En este magma descentrado, lo que hay es una inconsistencia ontológica: no hay centro donde señalar con el dedo, y decir “ahí está”. Parece que se tratase de una ontología del cuerpo, pero tampoco hay fundamento en algo en sí mismo que podamos llamar, de manera delimitada, como “Cuerpo”. Es una ontología desparramada, vacía de todo centro, que se distribuye por el territorio de los cuerpos “entre” otros cuerpos. Y cuando decimos “entre”, estamos pensando el lugar donde coexiste lo propio y lo ajeno. Es una invitación a pensar no solo el cuerpo, sino el puente, que es, al fin y al cabo, el que permite que aparezcan las orillas que se coligan (Heidegger, 1994). Es por el puente, que aquí llamamos “entre”, como se establece la relación entre los límites envolventes de mí propio cuerpo y los otros cuerpos de los que dependo para mantener el patrón de organización que me compone. La frontera de mi envoltorio es la que permite cruzar el puente de lado y lado, reuniendo una encarnadura estructuralmente acoplada y un espacio exterior habitado.
La epistemo-estesis ambiental entiende que ningún cuerpo puede existir sin los otros, pues cada uno de ellos adquiere sus propiedades como resultado de sus interacciones con los demás. Sin embargo, existe también una paradoja, porque también es una ontología en donde no hay fusión y pérdida de la diferencia, como bien advierte Plumwood. Pues cada cuerpo, al mismo tiempo que se mantiene unido a otros, se distingue como una unidad diferenciada. Es una suerte de dialéctica entre continuidad y diferencia, en la que existe una unión indisoluble entre diversos modos de vida, pero justamente ese enlace vital de co-determinaciones es el que permite a cada organismo mantener su propia individualidad (Varela, 2000).
Aunque en su estructura y funcionamiento el cuerpo está conectado, empalmado e interrelacionado a otros cuerpos, no escapa a un envoltorio que encierra sus propios órganos, organizados en un patrón coherente.
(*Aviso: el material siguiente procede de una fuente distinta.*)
definition ptrans :: "nat set \<Rightarrow> (nat list \<Rightarrow> nat list \<Rightarrow> complex) \<Rightarrow> nat list \<Rightarrow> nat list \<Rightarrow> complex" where
  "ptrans S A xs ys =
     A (map (\<lambda>i. if i \<in> S then ys ! i else xs ! i) [0..<4])
       (map (\<lambda>i. if i \<in> S then xs ! i else ys ! i) [0..<4])"

definition PPT4 :: "nat \<Rightarrow> (nat list \<Rightarrow> nat list \<Rightarrow> complex) \<Rightarrow> bool" where
  "PPT4 d A \<longleftrightarrow> (\<forall>S. S \<subseteq> {0..<4} \<and> S \<noteq> {} \<and> S \<noteq> {0..<4} \<longrightarrow> psd_on (idx4 d) (ptrans S A))"

definition dnn_on :: "'i set \<Rightarrow> ('i \<Rightarrow> 'i \<Rightarrow> real) \<Rightarrow> bool" where
  "dnn_on I M \<longleftrightarrow> (\<forall>x\<in>I. \<forall>y\<in>I. M y x = M x y \<and> 0 \<le> M x y) \<and>
     (\<forall>v :: 'i \<Rightarrow> real. 0 \<le> (\<Sum>x\<in>I. \<Sum>y\<in>I. v x * M x y * v y))"

definition pbar :: "(nat multiset \<Rightarrow> real) \<Rightarrow> nat multiset \<Rightarrow> real" where
  "pbar p K = p K / multinom K"

text \<open>Index set of M^(4) = Mbar (+) (+)_{i<j} M_ij: Inl (a,b) with a\<le>b<d indexes Mbar;
  Inr (i,j,a) indexes row/column a of the block M_ij.\<close>
definition M4idx :: "nat \<Rightarrow> ((nat \<times> nat) + (nat \<times> nat \<times> nat)) set" where
  "M4idx d = Inl ` {(a,b). a \<le> b \<and> b < d} \<union> Inr ` {(i,j,a). i < j \<and> j < d \<and> a < d}"

definition M4 :: "(nat multiset \<Rightarrow> real) \<Rightarrow> (nat \<times> nat) + (nat \<times> nat \<times> nat)
                   \<Rightarrow> (nat \<times> nat) + (nat \<times> nat \<times> nat) \<Rightarrow> real" where
  "M4 p x y = (case (x, y) of
      (Inl (a,b), Inl (c,e)) \<Rightarrow> pbar p {#a,b,c,e#}
    | (Inr (i,j,a), Inr (i',j',b)) \<Rightarrow> (if (i,j) = (i',j') then pbar p {#i,j,a,b#} else 0)
    | _ \<Rightarrow> 0)"

end

(*
  Identify a basis vector of (C^d)^(x4) with the pair (A, B) of the multisets of its
  local indices outside and inside the set S of transposed parties. The entry of the
  partial transpose of rho_DS at ((A, B), (A', B')) is pbar (A + B') if A + B' = A' + B
  and 0 otherwise, so every partial transpose is the pullback of one matrix on such
  pairs. That matrix is block diagonal for the excess (A - B, B - A). On the block of
  excess (P, N) a pair is determined by its common part X = A \<inter># B, of some size r
  with |P + N| + 2 r = 4, and the block is the Hankel-type matrix pbar (P + N + X + Y).
  For r = 2 this is Mbar, for r = 1 it is a block M_ij or a principal submatrix of
  Mbar, and for r = 0 it is a single entry of Mbar; hence M^(4) in DNN implies PPT.
  Conversely, M^(4) is the principal submatrix of the partial transpose on parties
  {2, 3} at the basis vectors |a b a b> and |i a j a>, and every pbar_k is a diagonal
  entry of that partial transpose.
*)
theory Submission
  imports Defs "HOL-Library.Complex_Order"
begin

section \<open>Positive semidefinite Hermitian forms\<close>

definition quad_form ::
    "'i set \<Rightarrow> ('i \<Rightarrow> 'i \<Rightarrow> complex) \<Rightarrow> ('i \<Rightarrow> complex) \<Rightarrow> complex" where
  "quad_form I A v = (\<Sum>x\<in>I. \<Sum>y\<in>I. cnj (v x) * A x y * v y)"

definition psd_form_on :: "'i set \<Rightarrow> ('i \<Rightarrow> 'i \<Rightarrow> complex) \<Rightarrow> bool" where
  "psd_form_on I A \<longleftrightarrow> (\<forall>v. 0 \<le> quad_form I A v)"

lemma psd_on_iff_hermitian_psd_form:
  "psd_on I A \<longleftrightarrow> (\<forall>x\<in>I. \<forall>y\<in>I. A y x = cnj (A x y)) \<and> psd_form_on I A"
  unfolding psd_on_def psd_form_on_def quad_form_def Let_def less_eq_complex_def by auto

lemma quad_form_pullback:
  assumes "finite I" "finite J" "h ` I \<subseteq> J"
    and "\<And>x y. x \<in> I \<Longrightarrow> y \<in> I \<Longrightarrow> B x y = A (h x) (h y)"
  shows "quad_form I B v = quad_form J A (\<lambda>j. \<Sum>x | x \<in> I \<and> h x = j. v x)"
proof -
  define w where "w j = (\<Sum>x | x \<in> I \<and> h x = j. v x)" for j
  have row: "(\<Sum>j'\<in>J. A j j' * w j') = (\<Sum>y\<in>I. A j (h y) * v y)" for j
  proof -
    have "(\<Sum>j'\<in>J. A j j' * w j') = (\<Sum>j'\<in>J. \<Sum>y | y \<in> I \<and> h y = j'. A j (h y) * v y)"
      unfolding w_def sum_distrib_left by (intro sum.cong) auto
    also have "\<dots> = (\<Sum>y\<in>I. A j (h y) * v y)"
      using assms(1-3) by (rule sum.group)
    finally show ?thesis .
  qed
  have "quad_form J A w = (\<Sum>j\<in>J. cnj (w j) * (\<Sum>y\<in>I. A j (h y) * v y))"
    unfolding quad_form_def row[symmetric] by (simp add: sum_distrib_left mult.assoc)
  also have "\<dots> = (\<Sum>j\<in>J. \<Sum>x | x \<in> I \<and> h x = j. cnj (v x) * (\<Sum>y\<in>I. A (h x) (h y) * v y))"
    unfolding w_def cnj_sum sum_distrib_right by (intro sum.cong) auto
  also have "\<dots> = (\<Sum>x\<in>I. cnj (v x) * (\<Sum>y\<in>I. A (h x) (h y) * v y))"
    using assms(1-3) by (rule sum.group)
  also have "\<dots> = quad_form I B v"
    unfolding quad_form_def using assms(4) by (simp add: sum_distrib_left mult.assoc)
  finally show ?thesis
    unfolding w_def by simp
qed
lemma nn_integral_ball_comp_linear_le:
  fixes G :: "'a::euclidean_space \<Rightarrow> real" and A B :: "'a \<Rightarrow> 'a" and \<Theta> :: "nat \<Rightarrow> 'a \<Rightarrow> 'a"
  assumes G[measurable]: "G \<in> borel_measurable borel" and nonneg: "\<And>z. 0 \<le> G z"
    and A: "bounded_linear A" and B: "bounded_linear B" and AB: "\<And>h. A (B h) = h"
    and \<Theta>[measurable]: "\<And>k. \<Theta> k \<in> borel_measurable borel" and lim: "\<And>x. (\<lambda>k. \<Theta> k x) \<longlonglongrightarrow> A x"
    and "0 \<le> V" and le: "\<And>k h. (\<integral>\<^sup>+x\<in>ball a r. ennreal (G (\<Theta> k x + h)) \<partial>lborel) \<le> ennreal V"
  shows "(\<integral>\<^sup>+x\<in>ball a r. ennreal (G (A x)) \<partial>lborel) \<le> ennreal V"
proof (rule nn_integral_tendsto_le)
  have [measurable]: "A \<in> borel_measurable borel"
    using A by (auto intro: borel_measurable_continuous_onI linear_continuous_on)
  show "(\<lambda>x. ennreal (min (real n) (G (A x))) * indicator (ball a r) x) \<in> borel_measurable lborel" for n
    by measurable
  show "(\<integral>\<^sup>+x\<in>ball a r. ennreal (min (real n) (G (A x))) \<partial>lborel) \<le> ennreal V" for n
  proof (rule nn_integral_ball_comp_linear_le_bounded[where N="real n", OF _ _ _ A B AB \<Theta> lim \<open>0 \<le> V\<close>])
    show "(\<integral>\<^sup>+x\<in>ball a r. ennreal (min (real n) (G (\<Theta> k x + h))) \<partial>lborel) \<le> ennreal V" for k h
      using le[of k h]
      by (elim order_trans[rotated], intro nn_integral_mono mult_right_mono) (auto intro: ennreal_leI)
  qed (use nonneg in auto)
  show "(\<lambda>n. ennreal (min (real n) (G (A x))) * indicator (ball a r) x)
      \<longlonglongrightarrow> ennreal (G (A x)) * indicator (ball a r) x" for x
  proof (rule tendsto_eventually)
    obtain n0 :: nat where "G (A x) \<le> n0"
      using real_arch_simple by blast
    then show "eventually (\<lambda>n. ennreal (min (real n) (G (A x))) * indicator (ball a r) x
        = ennreal (G (A x)) * indicator (ball a r) x) sequentially"
      unfolding eventually_sequentially by (intro exI[of _ n0]) auto
  qed
qed
(* \[ \sum_{k=1}^{\infty}(-1)^k(4k+1)\frac{(\tfrac{1}{2})_k^3}{k!^3}\sum_{i=1}^{2k}\frac{(-1)^i}{i^2}=\frac{\pi}{12}. \]
   Context: For a complex number $x$ and a nonnegative integer $n$, $(x)_n=\Gamma(x+n)/\Gamma(x)=x(x+1)\cdots(x+n-1)$ denotes the shifted factorial (Pochhammer symbol), with $(x)_0=1$. The series is understood as the limit of its partial sums. *)

theory Defs
  imports "HOL-Analysis.Analysis"
begin

end

theory Submission
  imports Defs "HOL-Real_Asymp.Real_Asymp"
begin

(*
  For |x| <= 1/2 consider the series
    F_m(x) = sum_k (-1)^k (m+1/2+2k)/(m+1/2) (m+1/2)_k (1/2+x)_k (1/2-x)_k / (k! (m+1-x)_k (m+1+x)_k).
  A WZ pair in (m, k) gives F_0(x) = (prod_{i<M} lambda_i(x)) F_M(x) with
  lambda_i(x) = 1 / (w_{i+1} s_{i+1}(x)), where w_j = 4j^2 / (4j^2 - 1) and s_j(x) = 1 - x^2 / j^2 are
  the factors of the Wallis product for pi/2 and of Euler's product for sin(pi x) / (pi x).
  As F_M(x) -> 1 for M -> oo, this yields F_0(x) = 2x / sin(pi x).

  At x = 0 this is Bauer's series sum_k c_k = 2/pi, c_k = (-1)^k (4k+1) (1/2)_k^3 / k!^3.
  The k-th term of F_0(x) is c_k prod_{j<k} (1 + x^2 psi_j(x)) (psi = ratio_defect), and Abel
  summation against the tails of Bauer's series writes F_0(x) = 2/pi + x^2 Q(x) (Q = quad_quot)
  with Q continuous at 0. Comparing with
  2x / sin(pi x) = 2/pi + pi x^2 / 3 + O(x^4) gives Q(0) = pi/3, while
  Q(0) = sum_k c_k sum_{j<k} psi_j(0) and sum_{j<k} psi_j(0) = 4 sum_{i=1}^{2k} (-1)^i / i^2.
*)

section \<open>Abel summation and WZ telescoping\<close>

lemma sum_lessThan_by_parts:
  fixes T V :: "nat \<Rightarrow> 'a::ring"
  shows "(\<Sum>k<N. (T k - T (Suc k)) * V k)
       = (\<Sum>k<N. T (Suc k) * (V (Suc k) - V k)) + T 0 * V 0 - T N * V N"
  by (induction N) (simp_all add: algebra_simps)

lemma sums_by_parts:
  fixes T V :: "nat \<Rightarrow> 'a::real_normed_algebra"
  assumes "T \<longlonglongrightarrow> 0" "Bseq V" "summable (\<lambda>k. T (Suc k) * (V (Suc k) - V k))"
  shows "(\<lambda>k. (T k - T (Suc k)) * V k) sums (T 0 * V 0 + (\<Sum>k. T (Suc k) * (V (Suc k) - V k)))"
proof -
  have "Zfun T sequentially"
    using assms(1) by (simp add: tendsto_Zfun_iff)
  moreover have "Bfun V sequentially"
    using assms(2) by (rule Bseq_conv_Bfun[THEN iffD1])
  ultimately have "Zfun (\<lambda>N. T N * V N) sequentially"
    by (rule bounded_bilinear.Zfun_prod_Bfun[OF bounded_bilinear_mult])
  then have "(\<lambda>N. T N * V N) \<longlonglongrightarrow> 0"
    by (simp add: tendsto_Zfun_iff)
  then have "(\<lambda>N. (\<Sum>k<N. T (Suc k) * (V (Suc k) - V k)) + T 0 * V 0 - T N * V N)
      \<longlonglongrightarrow> (\<Sum>k. T (Suc k) * (V (Suc k) - V k)) + T 0 * V 0 - 0"
    by (intro tendsto_intros summable_LIMSEQ assms(3))
  then show ?thesis
    unfolding sums_def sum_lessThan_by_parts by (simp add: add.commute)
qed

lemma divide_le_divide_cross:
  fixes a b c d :: "'a::linordered_field"
  assumes "0 < b" "0 < d" "a * d \<le> c * b"
  shows "a / b \<le> c / d"
  using assms by (simp add: divide_simps)

lemma square_le_quarter: "\<bar>x::real\<bar> \<le> 1/2 \<Longrightarrow> x^2 \<le> 1/4"
  using abs_le_square_iff[of x "1/2"] by (simp add: power2_eq_square)

lemma square_lt_succ_square:
  assumes "\<bar>x\<bar> \<le> 1/2"
  shows "x^2 < (real k + 1)^2"
proof -
  have "1 \<le> (real k + 1)^2"
    by (rule one_le_power) simp
  with square_le_quarter[OF assms] show ?thesis
    by linarith
qed

lemma pochhammer_plus_one:
  "a \<noteq> 0 \<Longrightarrow> pochhammer ((a::'a::field) + 1) k = pochhammer a k * (a + of_nat k) / a"
  using pochhammer_rec[of a k] pochhammer_Suc[of a k] by (simp add: field_simps)

lemma sin_pi_times_nonzero:
  assumes "\<bar>x\<bar> < 1" "x \<noteq> 0"
  shows "sin (pi * x) \<noteq> 0"
proof -
  have "\<bar>pi * x\<bar> < pi"
    using assms(1) by (simp add: abs_mult)
  with assms(2) show ?thesis
    by (simp add: sin_zero_pi_iff)
qed

lemma inverse_squares_sums': "(\<lambda>j. c / (real j + 1)^2) sums (c * pi^2 / 6)"
  using sums_mult[OF inverse_squares_sums, of c] by (simp add: add.commute)

lemma summable_inverse_squares: "summable (\<lambda>j. c / (real j + 1)^2)"
  using sums_summable[OF inverse_squares_sums'] .

lemma continuous_on_suminf_dominated:
  fixes f :: "nat \<Rightarrow> 'a::topological_space \<Rightarrow> 'b::banach"
  assumes "\<And>n. continuous_on A (f n)" "\<And>n x. x \<in> A \<Longrightarrow> norm (f n x) \<le> M n" "summable M"
  shows "continuous_on A (\<lambda>x. \<Sum>n. f n x)"
proof (rule uniform_limit_theorem)
  show "uniform_limit A (\<lambda>n x. \<Sum>i<n. f i x) (\<lambda>x. \<Sum>n. f n x) sequentially"
    by (rule Weierstrass_m_test[OF assms(2,3)])
  show "\<forall>\<^sub>F n in sequentially. continuous_on A (\<lambda>x. \<Sum>i<n. f i x)"
    using assms(1) by (intro always_eventually allI continuous_on_sum) auto
qed simp

lemma wz_partial_sum_shift:
  fixes F G :: "nat \<Rightarrow> nat \<Rightarrow> 'a::comm_ring_1" and r :: "nat \<Rightarrow> 'a"
  assumes wz: "\<And>m k. F m k - r m * F (Suc m) k = G m (Suc k) - G m k"
    and G_0: "\<And>m. G m 0 = 0"
  shows "(\<Sum>k<N. F 0 k) = (\<Prod>i<M. r i) * (\<Sum>k<N. F M k) + (\<Sum>j<M. (\<Prod>i<j. r i) * G j N)"
proof (induction M)
  case (Suc M)
  have "(\<Sum>k<N. F M k - r M * F (Suc M) k) = G M N - G M 0"
    by (simp add: wz sum_lessThan_telescope)
  then have "(\<Sum>k<N. F M k) = r M * (\<Sum>k<N. F (Suc M) k) + G M N"
    by (simp add: G_0 sum_subtractf sum_distrib_left algebra_simps)
  with Suc show ?case by (simp add: algebra_simps)
qed simp

lemma wz_sums:
  fixes F G :: "nat \<Rightarrow> nat \<Rightarrow> 'a::real_normed_field" and r :: "nat \<Rightarrow> 'a"
  assumes "\<And>m k. F m k - r m * F (Suc m) k = G m (Suc k) - G m k" "\<And>m. G m 0 = 0"
    and "summable (F M)" "\<And>j. j < M \<Longrightarrow> (\<lambda>N. G j N) \<longlonglongrightarrow> 0"
  shows "F 0 sums ((\<Prod>i<M. r i) * suminf (F M))"
proof -
  have "(\<lambda>N. (\<Prod>i<M. r i) * (\<Sum>k<N. F M k) + (\<Sum>j<M. (\<Prod>i<j. r i) * G j N))
      \<longlonglongrightarrow> (\<Prod>i<M. r i) * suminf (F M) + (\<Sum>j<M. (\<Prod>i<j. r i) * 0)"
    using assms(4) by (intro tendsto_intros summable_LIMSEQ assms(3)) auto
  then show ?thesis
    unfolding sums_def wz_partial_sum_shift[where F = F and G = G and r = r, OF assms(1,2), of _ M]
    by simp
qed

section \<open>A WZ pair\<close>

definition hterm :: "nat \<Rightarrow> real \<Rightarrow> nat \<Rightarrow> real" where
  "hterm m x k = pochhammer (real m + 1/2) k * pochhammer (1/2 + x) k * pochhammer (1/2 - x) k
     / (fact k * pochhammer (real m + 1 - x) k * pochhammer (real m + 1 + x) k)"

definition hterm_ratio :: "nat \<Rightarrow> real \<Rightarrow> nat \<Rightarrow> real" where
  "hterm_ratio m x k = (real m + 1/2 + k) * (1/2 + x + k) * (1/2 - x + k)
     / ((k + 1) * (real m + 1 - x + k) * (real m + 1 + x + k))"

definition wz_F :: "nat \<Rightarrow> real \<Rightarrow> nat \<Rightarrow> real" where
  "wz_F m x k = (-1)^k * ((real m + 1/2 + 2 * real k) / (real m + 1/2)) * hterm m x k"

definition wz_G :: "nat \<Rightarrow> real \<Rightarrow> nat \<Rightarrow> real" where
  "wz_G m x k = - (real k / (real m + 1/2)) * (-1)^k * hterm m x k"

definition wz_factor :: "nat \<Rightarrow> real \<Rightarrow> real" where
  "wz_factor m x = (real m + 3/2) * (real m + 1/2) / ((real m + 1 - x) * (real m + 1 + x))"

lemma hterm_0 [simp]: "hterm m x 0 = 1"
  by (simp add: hterm_def)

lemma hterm_Suc:
  assumes "\<bar>x\<bar> < 1"
  shows "hterm m x (Suc k) = hterm m x k * hterm_ratio m x k"
proof -
  have "0 < pochhammer (real m + 1 - x) k" "0 < pochhammer (real m + 1 + x) k"
    "0 < real m + 1 - x + k" "0 < real m + 1 + x + k"
    using assms by (auto intro!: pochhammer_pos)
  then show ?thesis
    unfolding hterm_def hterm_ratio_def pochhammer_Suc fact_Suc by (simp add: field_simps)
qed

lemma hterm_Suc_param:
  assumes "\<bar>x\<bar> < 1"
  shows "hterm (Suc m) x k = hterm m x k * ((real m + 1/2 + k) / (real m + 1/2))
          * ((real m + 1 - x) * (real m + 1 + x) / ((real m + 1 - x + k) * (real m + 1 + x + k)))"
proof -
  have pos: "0 < pochhammer (real m + 1 - x) k" "0 < pochhammer (real m + 1 + x) k"
    "0 < real m + 1 - x" "0 < real m + 1 + x" "0 < real m + 1 - x + k" "0 < real m + 1 + x + k"
    using assms by (auto intro!: pochhammer_pos)
  have shift: "pochhammer (real m + c + 1) k = pochhammer (real m + c) k * (real m + c + k) / (real m + c)"
    if "real m + c \<noteq> 0" for c
    using pochhammer_plus_one[OF that, of k] by simp
  have e1: "pochhammer (real (Suc m) + 1/2) k
      = pochhammer (real m + 1/2) k * (real m + 1/2 + k) / (real m + 1/2)"
    using shift[of "1/2"] by (simp add: add_ac)
  have e2: "pochhammer (real (Suc m) + 1 - x) k
      = pochhammer (real m + 1 - x) k * (real m + 1 - x + k) / (real m + 1 - x)"
    using shift[of "1 - x"] pos by (simp add: algebra_simps)
  have e3: "pochhammer (real (Suc m) + 1 + x) k
      = pochhammer (real m + 1 + x) k * (real m + 1 + x + k) / (real m + 1 + x)"
    using shift[of "1 + x"] pos by (simp add: algebra_simps)
  show ?thesis
    unfolding hterm_def e1 e2 e3 using pos by (simp add: field_simps)
qed

\<comment> \<open>What remains of \<open>wz_pair\<close> after dividing by \<open>(-1)^k * hterm m x k\<close>, with \<open>a = m + 1/2\<close>.\<close>
lemma wz_certificate_identity:
  fixes a k x :: real
  assumes "a \<noteq> 0" "a + 1/2 - x + k \<noteq> 0" "a + 1/2 + x + k \<noteq> 0"
  shows "(a + 2 * k) / a - (a + 1 + 2 * k) * (a + k) / ((a + 1/2 - x + k) * (a + 1/2 + x + k))
       = (a + k) * (1/2 + x + k) * (1/2 - x + k) / (a * ((a + 1/2 - x + k) * (a + 1/2 + x + k))) + k / a"
proof -
  define Q where "Q = (a + 1/2 - x + k) * (a + 1/2 + x + k)"
  have "Q \<noteq> 0"
    using assms by (simp add: Q_def)
  moreover have "(a + 2 * k) * Q - a * ((a + 1 + 2 * k) * (a + k))
      = (a + k) * (1/2 + x + k) * (1/2 - x + k) + k * Q"
    unfolding Q_def by algebra
  moreover have "A / a - C / Q = N / (a * Q) + k / a"
    if "Q \<noteq> 0" "A * Q - a * C = N + k * Q" for A C N :: real
    using that assms(1) by (simp add: field_simps)
  ultimately show ?thesis
    unfolding Q_def[symmetric] by blast
qed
Si bien hecho de agua extraterrestre y polvo estelar, está organizado en una unidad que se regenera desde sí misma. Un cuerpo que, a pesar de estar compuesto por múltiples flujos de materiales, genes y energías, que provienen de fuentes diversas, las cuales a su vez están compuestas por otras fuentes que también están condicionadas por otras fuentes, mantiene su unidad y diferencia. ¿Es un cuerpo? Sí, hay un cuerpo. Pero es un cuerpo mestizo, hecho de mezclas y composiciones misteriosas, que se relaciona con otros cuerpos también conformados por otras mezclas y composiciones inescrutables. Un cuerpo que toma prestado por tiempos muy cortos el agua que fluye por el organismo, los materiales que lo alimentan, la energía que lo anima, y toda la exterioridad de fuerzas que encuentran en él un lugar momentáneo para morar.
El problema epistémico de aquello que llamamos “lo ambiental” consiste en entender que no existe separación, divorcio, sino enmarañamiento dinámico, preñez de proliferaciones que sigue patrones estéticos, pero, al mismo tiempo, comprender que entre los múltiples somos diferentes. Esa diversidad de encuentros explica la vida. Habitamos con otras alteridades, estando inter-penetrados, implicados, involucrados, en la espesa urdimbre de la vida. Por eso somos vida dentro de la vida, una forma de vida que mantiene su propia estructura y especificaciones, que no se disuelve en un todo mayor, pero que tampoco puede imaginarse al margen de lo demás.